Union security clauses
Question: A company has two trade unions, one for junior staff and one for senior staff. The company’s policy for junior staff is automatic enrolment in the company trade union and deduction of fees from the salary. The company does not have the same policy for the senior staff trade union. Is this company practice compatible with the right to freedom of association?
Answer: The Committee of Experts on the Application of Conventions and Recommendations has explained the following:
In other countries, the law allows "union security" clauses in collective agreements or arbitration awards which make trade union membership or payment of union dues compulsory, sometimes by making them subject to certain conditions or prohibiting certain types of arrangements. These clauses may specify that an employer can recruit only workers who are members of trade unions and who must remain union members in order to keep their job (closed shop). In other cases the employer may recruit the workers he chooses, but these must then join a trade union within a specified period (union shop). They may also require all workers, whether or not they are members of trade unions, to pay union dues or contributions, without making union membership a condition of employment (agency shop), or oblige the employer, in accordance with the principle of preferential treatment, to give preference to unionized workers in respect of recruitment and other matters.
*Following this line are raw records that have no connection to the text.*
(* Let $T$ be a tower gadget of height $h\in\mathbb{N}$ contained in a graph $G$ (connected to the rest of $G$ only through $v$ and $w$), and let $M$ be a perfect matching of $G$ such that $T$ is in locked state with respect to $M$. If $(P_1,\dots,P_d)$ is a well-behaved flip sequence for $T$ starting from $M$ such that $T$ is in default state with respect to $M\triangle P_1\triangle\cdots\triangle P_d$, then $d\ge 2h-2$.
   Context: A tower gadget of height $h$ is the induced subgraph on vertices $\{v,w\}\cup\{a_i,b_i: 0\le i\le h\}$ with edge set $\{va_0,b_0w\}\cup\{a_ib_i:0\le i\le h\}\cup\{a_ia_{i-1},b_ib_{i-1}:1\le i\le h\}$. With respect to an edge set $M$: $T$ is in default state if $\{va_0,b_0w\}\cup\{a_ib_i:1\le i\le h\}\subseteq M$; $T$ is locked if $\{va_0,b_0w\}\cup\{a_ib_i:1\le i\le h-2\}\cup\{a_ha_{h-1},b_hb_{h-1}\}\subseteq M$; $T$ is in semi-default state if $va_0,b_0w\in M$. A path is alternating w.r.t. an edge set $S$ if its consecutive edges alternate between belonging and not belonging to $S$ (it may start or end with either kind). A well-behaved flip sequence for $T$ starting from $M$ is a sequence $(P_1,\dots,P_d)$ where each $P_i$ is a path from $v$ to $w$ inside $T$ that is alternating with respect to $M\triangle P_1\triangle\cdots\triangle P_{i-1}$ ($\triangle$ = symmetric difference). *)

theory Defs
  imports Main
begin

definition symdiff :: "'a set \<Rightarrow> 'a set \<Rightarrow> 'a set" where
  "symdiff A B = (A - B) \<union> (B - A)"

definition simple_graph :: "'v set \<Rightarrow> 'v set set \<Rightarrow> bool" where
  "simple_graph V E \<longleftrightarrow> (\<forall>e\<in>E. card e = 2 \<and> e \<subseteq> V)"

definition perfect_matching :: "'v set \<Rightarrow> 'v set set \<Rightarrow> 'v set set \<Rightarrow> bool" where
  "perfect_matching V E M \<longleftrightarrow> M \<subseteq> E \<and> (\<forall>x\<in>V. \<exists>!e. e \<in> M \<and> x \<in> e)"

definition tower_inner :: "(nat \<Rightarrow> 'v) \<Rightarrow> (nat \<Rightarrow> 'v) \<Rightarrow> nat \<Rightarrow> 'v set" where
  "tower_inner a b h = a ` {0..h} \<union> b ` {0..h}"

definition tower_verts :: "'v \<Rightarrow> 'v \<Rightarrow> (nat \<Rightarrow> 'v) \<Rightarrow> (nat \<Rightarrow> 'v) \<Rightarrow> nat \<Rightarrow> 'v set" where
  "tower_verts v w a b h = {v, w} \<union> tower_inner a b h"

definition tower_edges :: "'v \<Rightarrow> 'v \<Rightarrow> (nat \<Rightarrow> 'v) \<Rightarrow> (nat \<Rightarrow> 'v) \<Rightarrow> nat \<Rightarrow> 'v set set" where
  "tower_edges v w a b h =
     {{v, a 0}, {b 0, w}} \<union> {{a i, b i} | i. i \<le> h}
     \<union> {{a i, a (i - 1)} | i. 1 \<le> i \<and> i \<le> h} \<union> {{b i, b (i - 1)} | i. 1 \<le> i \<and> i \<le> h}"

definition tower_in_graph :: "'v set \<Rightarrow> 'v set set \<Rightarrow> 'v \<Rightarrow> 'v \<Rightarrow> (nat \<Rightarrow> 'v) \<Rightarrow> (nat \<Rightarrow> 'v) \<Rightarrow> nat \<Rightarrow> bool" where
  "tower_in_graph V E v w a b h \<longleftrightarrow>
     inj_on a {0..h} \<and> inj_on b {0..h} \<and> a ` {0..h} \<inter> b ` {0..h} = {} \<and>
     v \<noteq> w \<and> v \<notin> tower_inner a b h \<and> w \<notin> tower_inner a b h \<and>
     tower_verts v w a b h \<subseteq> V \<and>
     {e \<in> E. e \<subseteq> tower_verts v w a b h} = tower_edges v w a b h \<and>
     (\<forall>e\<in>E. e \<inter> tower_inner a b h \<noteq> {} \<longrightarrow> e \<subseteq> tower_verts v w a b h)"

definition default_state :: "'v \<Rightarrow> 'v \<Rightarrow> (nat \<Rightarrow> 'v) \<Rightarrow> (nat \<Rightarrow> 'v) \<Rightarrow> nat \<Rightarrow> 'v set set \<Rightarrow> bool" where
  "default_state v w a b h M \<longleftrightarrow>
     {{v, a 0}, {b 0, w}} \<union> {{a i, b i} | i. 1 \<le> i \<and> i \<le> h} \<subseteq> M"

definition locked_state :: "'v \<Rightarrow> 'v \<Rightarrow> (nat \<Rightarrow> 'v) \<Rightarrow> (nat \<Rightarrow> 'v) \<Rightarrow> nat \<Rightarrow> 'v set set \<Rightarrow> bool" where
  "locked_state v w a b h M \<longleftrightarrow>
     {{v, a 0}, {b 0, w}} \<union> {{a i, b i} | i. 1 \<le> i \<and> i \<le> h - 2}
       \<union> {{a h, a (h - 1)}, {b h, b (h - 1)}} \<subseteq> M"

definition path_edges :: "'v list \<Rightarrow> 'v set set" where
  "path_edges ps = {{ps ! i, ps ! Suc i} | i. Suc i < length ps}"

definition is_path_in :: "'v set set \<Rightarrow> 'v \<Rightarrow> 'v \<Rightarrow> 'v list \<Rightarrow> bool" where
  "is_path_in F x y ps \<longleftrightarrow> ps \<noteq> [] \<and> hd ps = x \<and> last ps = y \<and> distinct ps \<and>
     (\<forall>i. Suc i < length ps \<longrightarrow> {ps ! i, ps ! Suc i} \<in> F)"

definition alternating :: "'v set set \<Rightarrow> 'v list \<Rightarrow> bool" where
  "alternating S ps \<longleftrightarrow>
     (\<forall>i. Suc (Suc i) < length ps \<longrightarrow>
        ({ps ! i, ps ! Suc i} \<in> S) \<noteq> ({ps ! Suc i, ps ! Suc (Suc i)} \<in> S))"

definition flipped :: "'v set set \<Rightarrow> 'v list list \<Rightarrow> nat \<Rightarrow> 'v set set" where
  "flipped M Ps k = foldl symdiff M (map path_edges (take k Ps))"

definition well_behaved_flip_seq ::
  "'v \<Rightarrow> 'v \<Rightarrow> (nat \<Rightarrow> 'v) \<Rightarrow> (nat \<Rightarrow> 'v) \<Rightarrow> nat \<Rightarrow> 'v set set \<Rightarrow> 'v list list \<Rightarrow> bool" where
  "well_behaved_flip_seq v w a b h M Ps \<longleftrightarrow>
     (\<forall>i < length Ps. is_path_in (tower_edges v w a b h) v w (Ps ! i) \<and>
                      alternating (flipped M Ps i) (Ps ! i))"

end

theory Submission
  imports Defs
begin

text \<open>Every path from v to w in the tower climbs the a-column up to some rung, crosses it and
  descends the b-column; so each flip uses exactly one rung, and the numbers of flips through the
  rungs add up to d. Going from the locked to the default state, the rungs h-1 and h change
  status and are flipped an odd number of times, while every rung s \<le> h-2 keeps its status and
  is flipped an even number of times. Such a rung is flipped at least once: a path through the
  top rung runs along the whole a-column and must alternate there, but as long as rung s is
  untouched the two column edges at a s have been flipped equally often, and being both
  unmatched in the locked state they are still both in or both out. Hence
  d \<ge> 2(h-2) + 2.\<close>

lemma path_edges_single [simp]: "path_edges [x] = {}"
  by (simp add: path_edges_def)

lemma path_edges_Cons_Cons [simp]:
  "path_edges (x # y # ys) = insert {x, y} (path_edges (y # ys))"
  unfolding path_edges_def by (fastforce simp: nth_Cons split: nat.splits)

lemma path_edges_append:
  "xs \<noteq> [] \<Longrightarrow> ys \<noteq> [] \<Longrightarrow>
   path_edges (xs @ ys) = insert {last xs, hd ys} (path_edges xs \<union> path_edges ys)"
proof (induction xs rule: induct_list012)
  case (3 x y zs)
  then show ?case by auto
qed (auto simp: neq_Nil_conv)

lemma path_edges_rev [simp]: "path_edges (rev xs) = path_edges xs"
proof (induction xs rule: induct_list012)
  case (3 x y zs)
  then show ?case
    by (simp add: path_edges_append[of "rev zs @ [y]" "[x]", simplified] insert_commute)
qed auto

lemma path_edges_map_upt:
  "path_edges (map f [0..<Suc r]) = {{f i, f (Suc i)} | i. i < r}"
proof (induction r)
  case (Suc r)
  have "map f [0..<Suc (Suc r)] = map f [0..<Suc r] @ [f (Suc r)]" by simp
  moreover have "last (map f [0..<Suc r]) = f r" by (simp add: last_map)
  ultimately show ?case using Suc by (auto simp: path_edges_append less_Suc_eq simp del: upt_Suc)
qed simp

definition tower_path :: "'v \<Rightarrow> 'v \<Rightarrow> (nat \<Rightarrow> 'v) \<Rightarrow> (nat \<Rightarrow> 'v) \<Rightarrow> nat \<Rightarrow> 'v list" where
  "tower_path v w a b r = v # map a [0..<Suc r] @ rev (map b [0..<Suc r]) @ [w]"

lemma path_edges_tower_path:
  "path_edges (tower_path v w a b r) =
     {{v, a 0}, {a r, b r}, {b 0, w}} \<union> {{a i, a (Suc i)} | i. i < r}
       \<union> {{b i, b (Suc i)} | i. i < r}"
proof -
  let ?A = "map a [0..<Suc r]" and ?B = "rev (map b [0..<Suc r])"
  have ends: "hd ?A = a 0" "last ?A = a r" "hd ?B = b r" "last ?B = b 0"
    by (simp_all add: hd_map last_map last_rev hd_rev del: upt_Suc)
  have "path_edges (?B @ [w]) = insert {b 0, w} (path_edges ?B)"
    using path_edges_append[of ?B "[w]"] ends by (simp del: upt_Suc)
  moreover have
    "path_edges (?A @ ?B @ [w]) = insert {a r, b r} (path_edges ?A \<union> path_edges (?B @ [w]))"
    using path_edges_append[of ?A "?B @ [w]"] ends by (simp del: upt_Suc)
  moreover have "path_edges (v # ?A @ ?B @ [w]) = insert {v, a 0} (path_edges (?A @ ?B @ [w]))"
    using path_edges_append[of "[v]" "?A @ ?B @ [w]"] ends by (simp del: upt_Suc)
  ultimately show ?thesis
    by (auto simp: tower_path_def path_edges_map_upt simp del: upt_Suc)
qed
These clauses are compatible with the Convention provided, however, that they are the result of free negotiation between workers' organizations and employers.
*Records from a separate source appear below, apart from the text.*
text \<open>The window of length \<open>k\<close> ending \<open>i\<close> steps after the middle point \<open>j + l\<close> of the arc
  contains the \<open>l + 1\<close> consecutive arc points starting at \<open>j + min i l\<close>.\<close>

lemma heavy_window_of_arc:
  assumes n: "2*l+1 \<le> n" and k: "l+1 \<le> k" "k \<le> n" and i: "i < k"
  shows "heavy {(j + s) mod n | s. s < 2*l+1} n ((j + l + 1 + (n - k) + i) mod n) k"
proof -
  define B where "B = {(j + s) mod n | s. s < 2*l+1}"
  define b where "b = (j + l + 1 + (n - k) + i) mod n"
  define lo where "lo = min i l"
  define P where "P = (\<lambda>s. (j + s) mod n) ` {lo..lo+l}"
  have bn: "b < n" using n b_def by simp
  have "P \<subseteq> window n b k"
  proof
    fix p assume "p \<in> P"
    then obtain s where s: "lo \<le> s" "s \<le> lo + l" "p = (j + s) mod n" unfolding P_def by auto
    define t where "t = s + k - (l + 1 + i)"
    have t: "l + 1 + i \<le> s + k" "t < k" using s k i unfolding t_def lo_def by auto
    have "(b + t) mod n = (j + l + 1 + (n - k) + i + t) mod n" unfolding b_def by (simp add: mod_add_left_eq)
    also have "j + l + 1 + (n - k) + i + t = (j + s) + n" using t k unfolding t_def by simp
    finally have "(b + t) mod n = p" using s by simp
    then have "cdist n b p = t" using cdist_add_mod[OF bn, of t] t k s by simp
    then show "p \<in> window n b k" using t s n unfolding window_def by simp
  qed
  moreover have "P \<subseteq> B"
  proof
    fix p assume "p \<in> P"
    then obtain s where "s \<le> lo + l" "p = (j + s) mod n" unfolding P_def by auto
    moreover have "lo + l < 2*l+1" unfolding lo_def by simp
    ultimately show "p \<in> B" unfolding B_def by auto
  qed
  moreover have "card P = l + 1"
  proof -
    have "lo + l < n" using n unfolding lo_def by simp
    then have "inj_on (\<lambda>s. (j + s) mod n) {lo..lo+l}"
      by (intro inj_onI) (metis add.commute atLeastAtMost_iff le_less_trans mod_add_right_cancel_less)
    then show ?thesis unfolding P_def by (simp add: card_image)
  qed
  ultimately have "l + 1 \<le> card (window n b k \<inter> B)"
    by (metis card_mono finite_Int finite_window le_inf_iff)
  then show ?thesis using card_arc[OF n, of j] unfolding heavy_def B_def b_def by linarith
qed

lemma heavy_count_arc_ge:
  assumes n: "2*l+1 \<le> n" and k: "l+1 \<le> k" "k \<le> n"
  shows "k \<le> heavy_count {(j + s) mod n | s. s < 2*l+1} n k"
proof -
  define c where "c = j + l + 1 + (n - k)"
  define b where "b i = (c + i) mod n" for i
  have "inj_on b {..<k}"
  proof (rule inj_onI)
    fix x y assume "x \<in> {..<k}" "y \<in> {..<k}" "b x = b y"
    then show "x = y" using mod_add_right_cancel_less[of x n y c] k unfolding b_def by (simp add: add.commute)
  qed
  then have "k = card (b ` {..<k})" by (simp add: card_image)
  also have "\<dots> \<le> heavy_count {(j + s) mod n | s. s < 2*l+1} n k"
    unfolding heavy_count_def using heavy_window_of_arc[OF n k] n
    by (intro card_mono) (auto simp: b_def c_def)
  finally show ?thesis .
qed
In the case of multiple trade unions there is no requirement that the mechanism for enrolment be the same for all unions. Therefore it is not considered unequal treatment to have a union shop for junior staff and not for senior staff.
Answer: The International Labour Standards do encourage employers to make facilities available for workers to meet. Such meetings should not disrupt regular company operations, and management may require that the meetings are held outside of working hours.
Practices such as allowing the collection of union dues on company premises, posting of trade union notices, distribution of union documents, and provision of office space, have proven to help build good relations between management and workers, provided that they are not used as a way for the company to exercise indirect control.
Legal barriers to respecting freedom of association
Answer: The ILO has noted that the “restrictions on the right to organize of certain categories of workers, such as migrant workers…. , domestic workers …., workers in export processing zones (EPZs) ……., workers in the public service ….., agricultural workers ….. , or workers in the informal economy …. are not compatible with the realization of [the] principle and right” [of freedom of association].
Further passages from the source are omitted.